[Data extracted from a collection]

definition prim_gen_algebra ::
  "nat \<Rightarrow> nat \<Rightarrow> ('k::field \<Rightarrow> 'h::comm_ring_1) \<Rightarrow> (nat \<Rightarrow> 'h) \<Rightarrow> 'k mat \<Rightarrow> bool" where
  "prim_gen_algebra p n iota t B \<longleftrightarrow>
     iota 0 = 0 \<and> iota 1 = 1 \<and> (\<forall>x y. iota (x + y) = iota x + iota y) \<and>
     (\<forall>x y. iota (x * y) = iota x * iota y) \<and>
     (\<forall>c. (\<Sum>a\<in>exps p n. iota (c a) * monom_t n t a) = 0 \<longrightarrow> (\<forall>a\<in>exps p n. c a = 0)) \<and>
     (\<forall>h. \<exists>c. h = (\<Sum>a\<in>exps p n. iota (c a) * monom_t n t a)) \<and>
     (\<forall>i<n. t i ^ p = (\<Sum>j<n. iota (B $$ (j,i)) * t j))"

end

theory Submission
  imports Defs "HOL-Computational_Algebra.Primes" "Jordan_Normal_Form.Determinant"
begin

(* Put s_i = sum_j theta_{j,i} t_j.  In characteristic p these satisfy s_i^p = sum_j a_{j,i} s_j
   with A = Theta^-1 B Theta^(p), so when A has entries in R every monomial in the s_i reduces to an
   R-combination of the reduced monomials s^a (0 <= a_i < p): H_Theta is the R-span of these p^n
   monomials.  Over K the t_j are combinations of the s_i, so the reduced monomials in s span H and,
   being p^n in number, form a K-basis.  Reading off coordinates, s'_i = sum_k u_{k,i} s_k with
   U = Theta^-1 Theta' lies in H_Theta iff every u_{k,i} lies in R.  Hence H_Theta' = H_Theta forces
   U and U^-1 to have entries in R; conversely, for U in GL_n(R) the generators of H_{Theta U} and
   H_Theta are R-combinations of each other and A' = U^-1 A U^(p). *)

lemma CHAR_eq_prime:
  assumes "prime p" "of_nat p = (0::'a::comm_ring_1)" "(1::'a) \<noteq> 0"
  shows "CHAR('a) = p"
proof -
  have "CHAR('a) dvd p" using assms(2) by (simp add: of_nat_eq_0_iff_char_dvd)
  moreover have "CHAR('a) \<noteq> 1" using of_nat_CHAR[where ?'a = 'a] assms(3) by auto
  ultimately show ?thesis using assms(1) prime_nat_iff by blast
qed

lemma power_sum_prime_char:
  fixes f :: "'b \<Rightarrow> 'a::comm_ring_1"
  assumes "prime p" "of_nat p = (0::'a)"
  shows "(\<Sum>i\<in>A. f i) ^ p = (\<Sum>i\<in>A. f i ^ p)"
proof (cases "(1::'a) = 0")
  case True
  have trivial: "x = 0" for x :: 'a
  proof -
    have "x = x * 1" by simp
    then show ?thesis unfolding True by simp
  qed
  show ?thesis by (rule trans[OF trivial trivial[symmetric]])
next
  case False
  have "CHAR('a) = p" by (rule CHAR_eq_prime[OF assms False])
  with assms(1) show ?thesis by (intro freshmans_dream_sum) simp_all
qed

lemma mat_frob_carrier [simp]: "M \<in> carrier_mat nr nc \<Longrightarrow> mat_frob p M \<in> carrier_mat nr nc"
  by (simp add: mat_frob_def)

lemma mat_frob_mult:
  fixes A B :: "'a::field mat"
  assumes "prime p" "of_nat p = (0::'a)" "A \<in> carrier_mat nr n" "B \<in> carrier_mat n nc"
  shows "mat_frob p (A * B) = mat_frob p A * mat_frob p B"
proof -
  have "CHAR('a) = p" by (rule CHAR_eq_prime[OF assms(1,2)]) simp
  interpret frobenius: comm_ring_hom "\<lambda>x::'a. x ^ p"
  proof
    show "(x + y) ^ p = x ^ p + y ^ p" for x y :: 'a
      by (rule freshmans_dream) (use assms(1) \<open>CHAR('a) = p\<close> in simp_all)
  qed (use assms(1) prime_gt_0_nat in \<open>simp_all add: power_mult_distrib\<close>)
  show ?thesis unfolding mat_frob_def using assms(3,4) by (rule frobenius.mat_hom_mult)
qed

definition is_subring :: "'a::comm_ring_1 set \<Rightarrow> bool" where
  "is_subring Q \<longleftrightarrow>
     0 \<in> Q \<and> 1 \<in> Q \<and> (\<forall>x\<in>Q. - x \<in> Q) \<and> (\<forall>x\<in>Q. \<forall>y\<in>Q. x + y \<in> Q \<and> x * y \<in> Q)"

DIRECTIONS FOR THIS TASK → Print the data above exactly.

WRITTEN ANSWER →
definition prim_gen_algebra ::
  "nat \<Rightarrow> nat \<Rightarrow> ('k::field \<Rightarrow> 'h::comm_ring_1) \<Rightarrow> (nat \<Rightarrow> 'h) \<Rightarrow> 'k mat \<Rightarrow> bool" where
  "prim_gen_algebra p n iota t B \<longleftrightarrow>
     iota 0 = 0 \<and> iota 1 = 1 \<and> (\<forall>x y. iota (x + y) = iota x + iota y) \<and>
     (\<forall>x y. iota (x * y) = iota x * iota y) \<and>
     (\<forall>c. (\<Sum>a\<in>exps p n. iota (c a) * monom_t n t a) = 0 \<longrightarrow> (\<forall>a\<in>exps p n. c a = 0)) \<and>
     (\<forall>h. \<exists>c. h = (\<Sum>a\<in>exps p n. iota (c a) * monom_t n t a)) \<and>
     (\<forall>i<n. t i ^ p = (\<Sum>j<n. iota (B $$ (j,i)) * t j))"

end

theory Submission
  imports Defs "HOL-Computational_Algebra.Primes" "Jordan_Normal_Form.Determinant"
begin

(* Put s_i = sum_j theta_{j,i} t_j.  In characteristic p these satisfy s_i^p = sum_j a_{j,i} s_j
   with A = Theta^-1 B Theta^(p), so when A has entries in R every monomial in the s_i reduces to an
   R-combination of the reduced monomials s^a (0 <= a_i < p): H_Theta is the R-span of these p^n
   monomials.  Over K the t_j are combinations of the s_i, so the reduced monomials in s span H and,
   being p^n in number, form a K-basis.  Reading off coordinates, s'_i = sum_k u_{k,i} s_k with
   U = Theta^-1 Theta' lies in H_Theta iff every u_{k,i} lies in R.  Hence H_Theta' = H_Theta forces
   U and U^-1 to have entries in R; conversely, for U in GL_n(R) the generators of H_{Theta U} and
   H_Theta are R-combinations of each other and A' = U^-1 A U^(p). *)

lemma CHAR_eq_prime:
  assumes "prime p" "of_nat p = (0::'a::comm_ring_1)" "(1::'a) \<noteq> 0"
  shows "CHAR('a) = p"
proof -
  have "CHAR('a) dvd p" using assms(2) by (simp add: of_nat_eq_0_iff_char_dvd)
  moreover have "CHAR('a) \<noteq> 1" using of_nat_CHAR[where ?'a = 'a] assms(3) by auto
  ultimately show ?thesis using assms(1) prime_nat_iff by blast
qed

lemma power_sum_prime_char:
  fixes f :: "'b \<Rightarrow> 'a::comm_ring_1"
  assumes "prime p" "of_nat p = (0::'a)"
  shows "(\<Sum>i\<in>A. f i) ^ p = (\<Sum>i\<in>A. f i ^ p)"
proof (cases "(1::'a) = 0")
  case True
  have trivial: "x = 0" for x :: 'a
  proof -
    have "x = x * 1" by simp
    then show ?thesis unfolding True by simp
  qed
  show ?thesis by (rule trans[OF trivial trivial[symmetric]])
next
  case False
  have "CHAR('a) = p" by (rule CHAR_eq_prime[OF assms False])
  with assms(1) show ?thesis by (intro freshmans_dream_sum) simp_all
qed

lemma mat_frob_carrier [simp]: "M \<in> carrier_mat nr nc \<Longrightarrow> mat_frob p M \<in> carrier_mat nr nc"
  by (simp add: mat_frob_def)

lemma mat_frob_mult:
  fixes A B :: "'a::field mat"
  assumes "prime p" "of_nat p = (0::'a)" "A \<in> carrier_mat nr n" "B \<in> carrier_mat n nc"
  shows "mat_frob p (A * B) = mat_frob p A * mat_frob p B"
proof -
  have "CHAR('a) = p" by (rule CHAR_eq_prime[OF assms(1,2)]) simp
  interpret frobenius: comm_ring_hom "\<lambda>x::'a. x ^ p"
  proof
    show "(x + y) ^ p = x ^ p + y ^ p" for x y :: 'a
      by (rule freshmans_dream) (use assms(1) \<open>CHAR('a) = p\<close> in simp_all)
  qed (use assms(1) prime_gt_0_nat in \<open>simp_all add: power_mult_distrib\<close>)
  show ?thesis unfolding mat_frob_def using assms(3,4) by (rule frobenius.mat_hom_mult)
qed

definition is_subring :: "'a::comm_ring_1 set \<Rightarrow> bool" where
  "is_subring Q \<longleftrightarrow>
     0 \<in> Q \<and> 1 \<in> Q \<and> (\<forall>x\<in>Q. - x \<in> Q) \<and> (\<forall>x\<in>Q. \<forall>y\<in>Q. x + y \<in> Q \<and> x * y \<in> Q)"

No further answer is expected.